How the define-by-run API works

Most tuning libraries make you declare the entire search space up front as a static dictionary. Optuna uses what it calls a define-by-run API: the search space is constructed dynamically while the objective function executes. You write a plain Python function, ask for parameter values inside it with suggest_* calls, and return a score.

import optuna
from sklearn.ensemble import RandomForestClassifier
from sklearn.model_selection import cross_val_score

def objective(trial):
    n_estimators = trial.suggest_int("n_estimators", 50, 500)
    max_depth = trial.suggest_int("max_depth", 2, 32)
    max_features = trial.suggest_float("max_features", 0.1, 1.0)

    clf = RandomForestClassifier(
        n_estimators=n_estimators,
        max_depth=max_depth,
        max_features=max_features,
    )
    return cross_val_score(clf, X, y, cv=3).mean()

study = optuna.create_study(direction="maximize")
study.optimize(objective, n_trials=100)
print(study.best_params)

The payoff is conditional search spaces. Because the suggestions are ordinary Python calls, you can branch on them: pick suggest_categorical("classifier", ["svm", "rf"]) first, then suggest C and gamma only when the SVM branch runs. A static grid can’t express that without enumerating invalid combinations and wasting trials on them. Each call to study.optimize runs n_trials evaluations, and study.best_params and study.best_value hold the winner afterward. Return a tuple instead of a single score and the same API handles multi-objective problems, such as trading accuracy against inference latency.

Pruners and samplers: the two levers

Optuna’s speed comes from two components you can swap independently.

The sampler decides which values to try. The default is the Tree-structured Parzen Estimator (TPE), which models the relationship between parameter values and scores, then draws new candidates from the regions that have performed well. Optuna also ships RandomSampler, GridSampler, CmaEsSampler, and NSGAIISampler for multi-objective work. You change the strategy with one argument: optuna.create_study(sampler=optuna.samplers.CmaEsSampler()).
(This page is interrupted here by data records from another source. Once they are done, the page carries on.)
lemma sum_mult_basis_vect: "(\<Sum>k\<in>(UNIV::'i::finite set). g k * basis_vect c k) = (g c :: complex)"
proof -
  have "\<And>k. g k * basis_vect c k = (if c = k then g c else 0)" by (auto simp: basis_vect_def)
  then show ?thesis by simp
qed

lemma sum_cnj_basis_vect_mult: "(\<Sum>k\<in>(UNIV::'i::finite set). cnj (basis_vect c k) * g k) = (g c :: complex)"
proof -
  have "\<And>k. cnj (basis_vect c k) * g k = (if c = k then g c else 0)" by (auto simp: basis_vect_def)
  then show ?thesis by simp
qed

lemma inner_c_basis_vect: "inner_c x (basis_vect j) = x j"
  unfolding inner_c_def basis_vect_def by (simp add: if_distrib cong: if_cong)

lemma norm_sq_basis_vect: "norm_sq (basis_vect j) = 1"
  unfolding norm_sq_def inner_c_basis_vect by (simp add: basis_vect_def)

lemma vect_eqI_inner_c: "(\<And>y. inner_c x y = inner_c x' y) \<Longrightarrow> x = x'"
proof
  fix j assume "\<And>y. inner_c x y = inner_c x' y"
  from this[of "basis_vect j"] show "x j = x' j" by (simp add: inner_c_basis_vect)
qed

lemma norm_sq_diff: "norm_sq (\<lambda>i. x i - y i) = norm_sq x + norm_sq y - 2 * Re (inner_c x y)"
proof -
  have "inner_c (\<lambda>i. x i - y i) (\<lambda>i. x i - y i) = inner_c x x - inner_c x y - (inner_c y x - inner_c y y)"
    by (simp add: inner_c_diff_left inner_c_diff_right)
  moreover have "Re (inner_c y x) = Re (inner_c x y)"
    using inner_c_commute[of y x] by simp
  ultimately show ?thesis unfolding norm_sq_def by simp
qed

lemma norm_sq_add_scale:
  "norm_sq (\<lambda>i. x i + t * z i) = norm_sq x + 2 * Re (cnj t * inner_c x z) + (cmod t)\<^sup>2 * norm_sq z"
proof -
  have "inner_c (\<lambda>i. x i + t * z i) (\<lambda>i. x i + t * z i)
      = inner_c x x + cnj t * inner_c x z + t * inner_c z x + t * cnj t * inner_c z z"
    by (simp add: inner_c_add_left inner_c_add_right inner_c_scale_left inner_c_scale_right algebra_simps)
  moreover have "Re (t * inner_c z x) = Re (cnj t * inner_c x z)"
    by (subst inner_c_commute) (metis complex_cnj_cnj complex_cnj_mult cnj.sel(1))
  moreover have "t * cnj t * inner_c z z = of_real ((cmod t)\<^sup>2 * norm_sq z)"
    using complex_norm_square[of t] by (simp add: inner_c_self)
  ultimately show ?thesis unfolding norm_sq_def by simp
qed

lemma Re_inner_c_le: "Re (inner_c x y) \<le> (norm_sq x + norm_sq y) / 2"
  using norm_sq_diff[of x y] norm_sq_nonneg[of "\<lambda>i. x i - y i"] by simp

lemma eq_if_Re_inner_c_eq:
  assumes "norm_sq x = norm_sq y" and "Re (inner_c x y) = norm_sq x"
  shows "x = y"
proof -
  have "norm_sq (\<lambda>i. x i - y i) = 0" using norm_sq_diff[of x y] assms by simp
  then have "\<And>i. x i - y i = 0" by (metis norm_sq_eq_0D)
  then show "x = y" by auto
qed

lemma Re_inner_c_eq_if_unit_sum:
  assumes "inner_c f f = 1" and "inner_c (\<lambda>i. f i + d i) (\<lambda>i. f i + d i) = 1"
  shows "Re (inner_c d f) = - norm_sq d / 2"
proof -
  have "inner_c f d + inner_c d f + inner_c d d = 0"
    using assms unfolding inner_c_add_left inner_c_add_right by (simp add: algebra_simps)
  then have "Re (inner_c f d) + Re (inner_c d f) + norm_sq d = 0"
    unfolding norm_sq_def by (metis plus_complex.sel(1) zero_complex.sel(1))
  moreover have "Re (inner_c f d) = Re (inner_c d f)"
    using inner_c_commute[of f d] by simp
  ultimately show ?thesis by simp
qed

lemma ex_nonzero_if_inner_c_self_eq_1: "inner_c f f = 1 \<Longrightarrow> \<exists>j. f j \<noteq> 0"
  using inner_c_zero_left[of f] by (metis (no_types, lifting) ext zero_neq_one)

lemma eq_swap_if_orthogonal:
  assumes sum: "\<And>p. X p + Y p = A p + B p"
    and XA: "norm_sq X = norm_sq A" and YB: "norm_sq Y = norm_sq B"
    and "inner_c X A = 0" and "inner_c Y B = 0" and AB: "inner_c A B = 0"
  shows "X = B" and "Y = A"
proof -
  have BA: "inner_c B A = 0" using AB inner_c_commute[of A B] by simp
  have X_eq: "X = (\<lambda>p. A p + B p - Y p)" and Y_eq: "Y = (\<lambda>p. A p + B p - X p)"
    using sum by (auto simp: fun_eq_iff algebra_simps)
  have "inner_c X B = inner_c B B"
    by (subst X_eq) (simp add: inner_c_diff_left inner_c_add_left AB \<open>inner_c Y B = 0\<close>)
  moreover have "inner_c Y A = inner_c A A"
    by (subst Y_eq) (simp add: inner_c_diff_left inner_c_add_left BA \<open>inner_c X A = 0\<close>)
  ultimately have "norm_sq (\<lambda>p. X p - B p) = norm_sq A - norm_sq B"
    and "norm_sq (\<lambda>p. Y p - A p) = norm_sq B - norm_sq A"
    using norm_sq_diff[of X B] norm_sq_diff[of Y A] XA YB unfolding norm_sq_def by simp_all
  then have "norm_sq (\<lambda>p. X p - B p) = 0" and "norm_sq (\<lambda>p. Y p - A p) = 0"
    using norm_sq_nonneg[of "\<lambda>p. X p - B p"] norm_sq_nonneg[of "\<lambda>p. Y p - A p"] by linarith+
  then have "\<And>p. X p - B p = 0" and "\<And>p. Y p - A p = 0"
    by (metis norm_sq_eq_0D)+
  then show "X = B" and "Y = A" by auto
qed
The pruner stops unpromising trials before they finish. For any model trained iteratively — gradient-boosted trees, neural networks — you report an intermediate score after each step and let Optuna kill trials tracking well below the others.

def objective(trial):
    lr = trial.suggest_float("lr", 1e-5, 1e-1, log=True)
    model = build_model(lr)

    for epoch in range(30):
        train_one_epoch(model)
        accuracy = validate(model)
        trial.report(accuracy, epoch)
        if trial.should_prune():
            raise optuna.TrialPruned()
    return accuracy

study = optuna.create_study(
    direction="maximize",
    pruner=optuna.pruners.MedianPruner(),
)

MedianPruner cuts a trial when its intermediate score falls below the median of completed trials at the same step. SuccessiveHalvingPruner and HyperbandPruner allocate budget more aggressively. The log=True flag on suggest_float matters here too — learning rates and regularization strengths span orders of magnitude, and a log-uniform scale spreads trials evenly across them instead of clustering near the high end.

Wiring Optuna into PyTorch, TensorFlow, and scikit-learn

Optuna is framework-agnostic because the objective function is just Python — whatever runs inside it is up to you. For the iterative-training case, the optuna.integration module provides callbacks that handle the report and should_prune plumbing for you, with hooks for PyTorch Lightning, Keras, XGBoost, and LightGBM so you don’t hand-write the pruning loop.

Two features matter once you move past a laptop notebook. First, storage: pass storage="sqlite:///optuna.db" to create_study and every trial is persisted to disk. Kill the process and resume with load_if_exists=True, and the study continues from where it stopped.

study = optuna.create_study(
    study_name="rf-tuning",
    storage="sqlite:///optuna.db",
    load_if_exists=True,
)

Second, parallelism: point multiple processes or machines at the same database backend — SQLite for a single box, PostgreSQL or MySQL for a cluster — and they share one study, each pulling trials and writing results back. There is no separate scheduler to stand up. The companion optuna-dashboard package reads the same storage and renders trial history, parameter importance, and optimization curves in the browser.

Cursor

Optuna objective functions are repetitive boilerplate: search-space definitions, training loops, pruning hooks. An AI-native editor scaffolds them from a comment and catches suggest_int / suggest_float type mismatches before you burn trial budget on them.

Free tier; Pro at $20/mo

Try Cursor

Affiliate link · We earn a commission at no cost to you.

A tuning run that won’t waste your afternoon

Start small and let the data tell you where to spend. Define your objective, run 100 trials with the default TPE sampler and MedianPruner, and open the dashboard. The parameter-importance chart ranks which hyperparameters actually moved the score — often one or two dominate and the rest are noise. Freeze the parameters that don’t matter, narrow the ranges of the ones that do, and run another 100 trials on the smaller space. Two or three rounds of that loop usually beats hours of manual tuning, and because every trial sits in the storage backend, you can stop and resume between rounds without losing history. If the score stalls, swap the sampler — CmaEsSampler often does better on smooth, continuous spaces — before you reach for a bigger trial budget.

FAQ

Is Optuna free to use?

Yes. Optuna is open source under the MIT license with no paid tier or usage limits. You can run it locally, in CI, or across a cluster without a license cost, and the optuna-dashboard companion package is open source as well.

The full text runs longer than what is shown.